In Teaching Information Security there was a discussion of the fact that young people at a Florida state system university rejected the distinction between plural and possessive. A friend sent me the following:

Trying to wrap my head around my MBB offer

My first two years at Harvard, I was really focused on getting a good offer once I graduated. I think Harvard really acculturated me to the idea that one of those offers is one of the big goals of undergrad.

This summer, I got a full time offer from one of the big three consulting firms, for way more money than I thought, around $140k in total comp.

When I read the offer letter, I felt deeply ambivalent. Obviously I am stoked, and really want to work at the firm. However, it feels weird to make many times more my friends who are graduating from great non-ivy’s and more than my parents, who both make six figures.

For those of you who have received similar offers, how do you feel about salary? And for those who have already graduated, how has your thinking evolved?

(For those who are more familiar with honest labor, “MBB” is for McKinsey, BCG, and Bain. Separately, doesn’t he/she/ze/they realize that $140k will soon be the price of a Diet Coke?)

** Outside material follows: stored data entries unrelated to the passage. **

text \<open>f is in W^{1,2}(xa,xb) with weak derivative g (absolutely continuous representative).\<close>
definition W12 :: "real \<Rightarrow> real \<Rightarrow> (real \<Rightarrow> real) \<Rightarrow> (real \<Rightarrow> real) \<Rightarrow> bool" where
  "W12 xa xb f g \<longleftrightarrow> set_integrable lborel {xa..xb} g \<and>
     set_integrable lborel {xa..xb} (\<lambda>x. (g x)\<^sup>2) \<and>
     (\<forall>x\<in>{xa..xb}. f x = f xa + (LBINT y=xa..x. g y))"

definition Ck_fam :: "nat \<Rightarrow> real \<Rightarrow> real \<Rightarrow> (nat \<Rightarrow> real \<Rightarrow> real) \<Rightarrow> bool" where
  "Ck_fam k xa xb D \<longleftrightarrow>
     (\<forall>j<k. \<forall>x\<in>{xa..xb}. (D j has_real_derivative D (Suc j) x) (at x within {xa..xb})) \<and>
     (\<forall>j\<le>k. continuous_on {xa..xb} (D j))"

definition tcl :: "ereal \<Rightarrow> real set" where "tcl T = {t. 0 \<le> t \<and> ereal t < T}"
definition tpos :: "ereal \<Rightarrow> real set" where "tpos T = {t. 0 < t \<and> ereal t < T}"

text \<open>Approximate fluxes: u_t = (flux)_x + reaction.\<close>
definition flux_u :: "real \<Rightarrow> real \<Rightarrow> real \<Rightarrow> real \<Rightarrow> real \<Rightarrow> real \<Rightarrow> real \<Rightarrow> real \<Rightarrow> real \<Rightarrow> real" where
  "flux_u \<epsilon> \<alpha> n D chi u ux uxxx vx =
     - \<epsilon> * (u ^ 4 / (u powr (4 - n) + \<epsilon>) * uxxx)
     + \<epsilon> powr (\<alpha> / 2) * (u powr (- \<alpha>) * ux) + D * ux
     - chi * (u powr (5 - n) / (u powr (4 - n) + \<epsilon>) * vx)"

definition flux_v :: "real \<Rightarrow> real \<Rightarrow> real \<Rightarrow> real \<Rightarrow> real \<Rightarrow> real \<Rightarrow> real \<Rightarrow> real \<Rightarrow> real \<Rightarrow> real" where
  "flux_v \<epsilon> \<alpha> n D chi v vx vxxx ux =
     - \<epsilon> * (v ^ 4 / (v powr (4 - n) + \<epsilon>) * vxxx)
     + \<epsilon> powr (\<alpha> / 2) * (v powr (- \<alpha>) * vx) + D * vx
     + chi * (v powr (5 - n) / (v powr (4 - n) + \<epsilon>) * ux)"

text \<open>U k x t, V k x t are the k-th x-derivatives (k \<le> 4), Ut, Vt the time derivatives.\<close>
definition approx_sol ::
  "real \<Rightarrow> real \<Rightarrow> real \<Rightarrow> real \<Rightarrow> real \<Rightarrow> real \<Rightarrow> real \<Rightarrow> real \<Rightarrow> real \<Rightarrow> real \<Rightarrow> real \<Rightarrow> real \<Rightarrow> real \<Rightarrow>
   real \<Rightarrow> (real \<Rightarrow> real) \<Rightarrow> (real \<Rightarrow> real) \<Rightarrow> ereal \<Rightarrow>
   (nat \<Rightarrow> real \<Rightarrow> real \<Rightarrow> real) \<Rightarrow> (real \<Rightarrow> real \<Rightarrow> real) \<Rightarrow>
   (nat \<Rightarrow> real \<Rightarrow> real \<Rightarrow> real) \<Rightarrow> (real \<Rightarrow> real \<Rightarrow> real) \<Rightarrow> bool" where
  "approx_sol xa xb D1 D2 a1 a2 lam1 lam2 chi1 chi2 \<alpha> n1 n2 \<epsilon> U0 V0 T U Ut V Vt \<longleftrightarrow>
    T > 0 \<and>
    \<comment> \<open>positivity on closure of Omega times [0,T)\<close>
    (\<forall>x\<in>{xa..xb}. \<forall>t\<in>tcl T. U 0 x t > 0 \<and> V 0 x t > 0) \<and>
    \<comment> \<open>initial data\<close>
    (\<forall>x\<in>{xa..xb}. U 0 x 0 = U0 x \<and> V 0 x 0 = V0 x) \<and>
    \<comment> \<open>first x-derivative exists on [0,T) (W^{s,2}, s>3/2, slices are C^1)\<close>
    (\<forall>t\<in>tcl T. \<forall>x\<in>{xa..xb}.
        ((\<lambda>y. U 0 y t) has_real_derivative U 1 x t) (at x within {xa..xb}) \<and>
        ((\<lambda>y. V 0 y t) has_real_derivative V 1 x t) (at x within {xa..xb})) \<and>
    \<comment> \<open>C^{4,1}(closure Omega times (0,T))\<close>
    (\<forall>t\<in>tpos T. \<forall>x\<in>{xa..xb}. \<forall>j<4.
        ((\<lambda>y. U j y t) has_real_derivative U (Suc j) x t) (at x within {xa..xb}) \<and>
        ((\<lambda>y. V j y t) has_real_derivative V (Suc j) x t) (at x within {xa..xb})) \<and>
    (\<forall>t\<in>tpos T. \<forall>x\<in>{xa..xb}.
        ((\<lambda>s. U 0 x s) has_real_derivative Ut x t) (at t) \<and>
        ((\<lambda>s. V 0 x s) has_real_derivative Vt x t) (at t)) \<and>
    (\<forall>j\<le>4. continuous_on ({xa..xb} \<times> tpos T) (\<lambda>(x, t). U j x t) \<and>
             continuous_on ({xa..xb} \<times> tpos T) (\<lambda>(x, t). V j x t)) \<and>
    continuous_on ({xa..xb} \<times> tpos T) (\<lambda>(x, t). Ut x t) \<and>
    continuous_on ({xa..xb} \<times> tpos T) (\<lambda>(x, t). Vt x t) \<and>
    \<comment> \<open>C^0([0,T); W^{s,2}) for every s in (3/2,2)\<close>
    (\<forall>s. 3/2 < s \<and> s < 2 \<longrightarrow>
       (\<forall>t\<in>tcl T. Ws_sq xa xb s (\<lambda>x. U 0 x t) (\<lambda>x. U 1 x t) < \<infinity> \<and>
                  Ws_sq xa xb s (\<lambda>x. V 0 x t) (\<lambda>x. V 1 x t) < \<infinity>) \<and>
       (\<forall>t0\<in>tcl T.
          ((\<lambda>t. Ws_sq xa xb s (\<lambda>x. U 0 x t - U 0 x t0) (\<lambda>x. U 1 x t - U 1 x t0))
              \<longlongrightarrow> 0) (at t0 within tcl T) \<and>
          ((\<lambda>t. Ws_sq xa xb s (\<lambda>x. V 0 x t - V 0 x t0) (\<lambda>x. V 1 x t - V 1 x t0))
              \<longlongrightarrow> 0) (at t0 within tcl T))) \<and>
    \<comment> \<open>the PDEs in Omega times (0,T)\<close>
    (\<forall>t\<in>tpos T. \<forall>x\<in>{xa<..<xb}.
       ((\<lambda>y. flux_u \<epsilon> \<alpha> n1 D1 chi1 (U 0 y t) (U 1 y t) (U 3 y t) (V 1 y t))
          has_real_derivative
          (Ut x t - 3 * (U 0 x t) ^ 3 / (3 * (U 0 x t)\<^sup>2 + \<epsilon>) * (lam1 - U 0 x t + a1 * V 0 x t))) (at x) \<and>
       ((\<lambda>y. flux_v \<epsilon> \<alpha> n2 D2 chi2 (V 0 y t) (V 1 y t) (V 3 y t) (U 1 y t))
          has_real_derivative
          (Vt x t - 3 * (V 0 x t) ^ 3 / (3 * (V 0 x t)\<^sup>2 + \<epsilon>) * (lam2 - V 0 x t - a2 * U 0 x t))) (at x)) \<and>
    \<comment> \<open>boundary conditions\<close>
    (\<forall>t\<in>tpos T. \<forall>x\<in>{xa, xb}.
       U 1 x t = 0 \<and> U 3 x t = 0 \<and> V 1 x t = 0 \<and> V 3 x t = 0) \<and>
    \<comment> \<open>maximality (extensibility criterion)\<close>
    (T = \<infinity> \<or>
     Limsup (at_left (real_of_ereal T))
       (\<lambda>t. ereal (sqrt ((LBINT x=xa..xb. (U 0 x t)\<^sup>2) + (LBINT x=xa..xb. (U 1 x t)\<^sup>2)
                         + (LBINT x=xa..xb. (U 2 x t)\<^sup>2))
                 + Sup ((\<lambda>x. 1 / U 0 x t) ` {xa..xb})
                 + sqrt ((LBINT x=xa..xb. (V 0 x t)\<^sup>2) + (LBINT x=xa..xb. (V 1 x t)\<^sup>2)
                         + (LBINT x=xa..xb. (V 2 x t)\<^sup>2))
                 + Sup ((\<lambda>x. 1 / V 0 x t) ` {xa..xb}))) = \<infinity>)"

Note the highlighted section above, in which the fresh Harvard graduate struggles to write “Ivies”.

From Hussain Altamimi, a young person bright enough to work as a legislative assistant for Alexandria Ocasio-Cortez, the Democratic Party’s primary thought-leader (Fox):

Israel is a racist European ethnostate built on stolen land from it’s indigenous population!

(Can anyone think of a country besides Israel that was built on land stolen by Europeans from an indigenous population? Are the people in the country that you’re thinking of doing anything to restore the land to the rightful indigenous owners?)

Is it time for Joe Biden to outlaw the apostrophe and save us from ourselves?

Related:

  • “California Prison Academy: Better Than a Harvard Degree” (WSJ, 2011): Harvard grads can expect to earn $49,897 fresh out of college and $124,759 after 20 years. … As a California prison guard, you can make six figures in overtime and bonuses alone. … Over 120,000 people apply every year, according to the state Legislative Analyst’s Office, but the academy only enrolls about 900. That’s an acceptance rate of less than 1%. Harvard’s is 6.2%.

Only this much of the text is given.